- Lagda Location in West Bengal, India Lagda Lagda (India)
- Coordinates: 23°22′11″N 86°19′21″E﻿ / ﻿23.3698°N 86.3225°E
- Country: India
- State: West Bengal
- District: Purulia

Area
- • Total: 4.2857 km^{2} (1.6547 sq mi)

Population (2011)
- • Total: 5,694
- • Density: 1,329/km^{2} (3,441/sq mi)

Languages
- • Official: Bengali, English
- Time zone: UTC+5:30 (IST)
- PIN: 723149
- Telephone/STD code: 03251
- Lok Sabha constituency: Purulia
- Vidhan Sabha constituency: Balarampur
- Website: purulia.gov.in

= Lagda =

Lagda is a census town and a gram panchayat in the Purulia I CD block in the Purulia Sadar subdivision of the Purulia district in the state of West Bengal, India.

==Geography==

===Location===
Lagda is located at .

===Area overview===
Purulia district forms the lowest step of the Chota Nagpur Plateau. The general scenario is undulating land with scattered hills. Purulia Sadar subdivision covers the central portion of the district. 83.80% of the population of the subdivision lives in rural areas. The map alongside shows some urbanization around Purulia city. 18.58% of the population, the highest among the subdivisions of the district, lives in urban areas. There are 4 census towns in the subdivision. The Kangsabati (locally called Kansai) flows through the subdivision. The subdivision has old temples, some of them belonging to the 11th century or earlier. The focus is on education - the university, the sainik school, the Ramakrishna Mission Vidyapith at Bongabari, the upcoming medical college at Hatuara, et al.

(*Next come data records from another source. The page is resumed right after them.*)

(* Let $F$ be a chordal graph. (b) For every function $f:\wp(V_F)\to\mathbb R$, \[ \sum_{S\subseteq\mathsf{MaxCliques}(F)} -(-1)^{|S|} f\big({\textstyle\bigcap}S\big)=\sum_{A\subseteq V_F}(L_{V_F}f)(A)\cdot\mathsf{CC}(F|_A). \] (c) For every graph $G$, every homomorphism $\varphi:F\to G$, and every function $g:\wp(V_G)\to\mathbb R$, \[ \sum_{S\subseteq\mathsf{MaxCliques}(F)} -(-1)^{|S|} g\big(\varphi({\textstyle\bigcap}S)\big)=\sum_{A\subseteq V_G}(L_{V_G}g)(A)\cdot\mathsf{CC}\big(F|_{\varphi^{-1}(A)}\big). \]
   Context: Graphs are finite directed graphs; cliques, chordality, connectivity refer to the underlying simple undirected graph (edges $\{v,w\}$, $v\ne w$, with $(v,w)$ or $(w,v)$ an edge). $\mathsf{MaxCliques}(F)$ is the set of maximal cliques; $\bigcap S$ is the intersection of the family $S$, with $\bigcap\emptyset=\emptyset$; $\varphi(A)$ is the image of $A$. $F$ is chordal if its underlying simple graph has no induced cycle of length $\ge4$. $F|_A$ is the induced subgraph on $A$ and $\mathsf{CC}$ its number of connected components, with $\mathsf{CC}(F|_\emptyset)=0$. For a finite set $V$ and $f:\wp(V)\to\mathbb R$, $L_Vf:\wp(V)\to\mathbb R$ is defined by $(L_Vf)(A)=\sum_{B\subseteq V:\,A\cup B=V} -(-1)^{|A\cap B|} f(B)$. *)

theory Defs
  imports Complex_Main
begin

text \<open>A finite directed graph: a vertex set and an edge set (loops allowed).\<close>
type_synonym 'a graph = "'a set \<times> ('a \<times> 'a) set"

definition verts :: "'a graph \<Rightarrow> 'a set" where "verts G = fst G"
definition edges :: "'a graph \<Rightarrow> ('a \<times> 'a) set" where "edges G = snd G"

Note: The map alongside presents some of the notable locations in the subdivision. All places marked in the map are linked in the larger full screen map.

==Demographics==
According to the 2011 Census of India, Lagda had a total population of 5,694, of which 2,985 (52%) were males and 2,705 (48%) were females. There were 696 persons in the age range of 0–6 years. The total number of literate persons in Lagda was 3,471 (69.45% of the population over 6 years).

==Infrastructure==
According to the District Census Handbook 2011, Puruliya, Lagda covered an area of 4.2857 km^{2}. There is a railway station at Purulia 12 km away. Among the civic amenities, the protected water supply involved overhead tank and tap water from untreated sources. It had 425 domestic electric connections. Among the medical facilities it had 1 hospital, 2 dispensaries/ health centres, 1 maternity and child welfare centre. Among the educational facilities it had were 4 primary schools, 1 secondary school, 1 senior secondary school, the nearest degree college at Purulia 7 km away.

==Education==
Lagda High School is a Bengali-medium coeducational institution established in 1937. It has facilities for teaching from class V to class XII. It has 12 computers, 5,348 books in the library and a play ground.

Lagda Girls High School is a Bengali-medium girls only institution established in 2000. It has facilities for teaching from class V to class X.

==Healthcare==
There is a primary health centre at Lagda with 6 beds.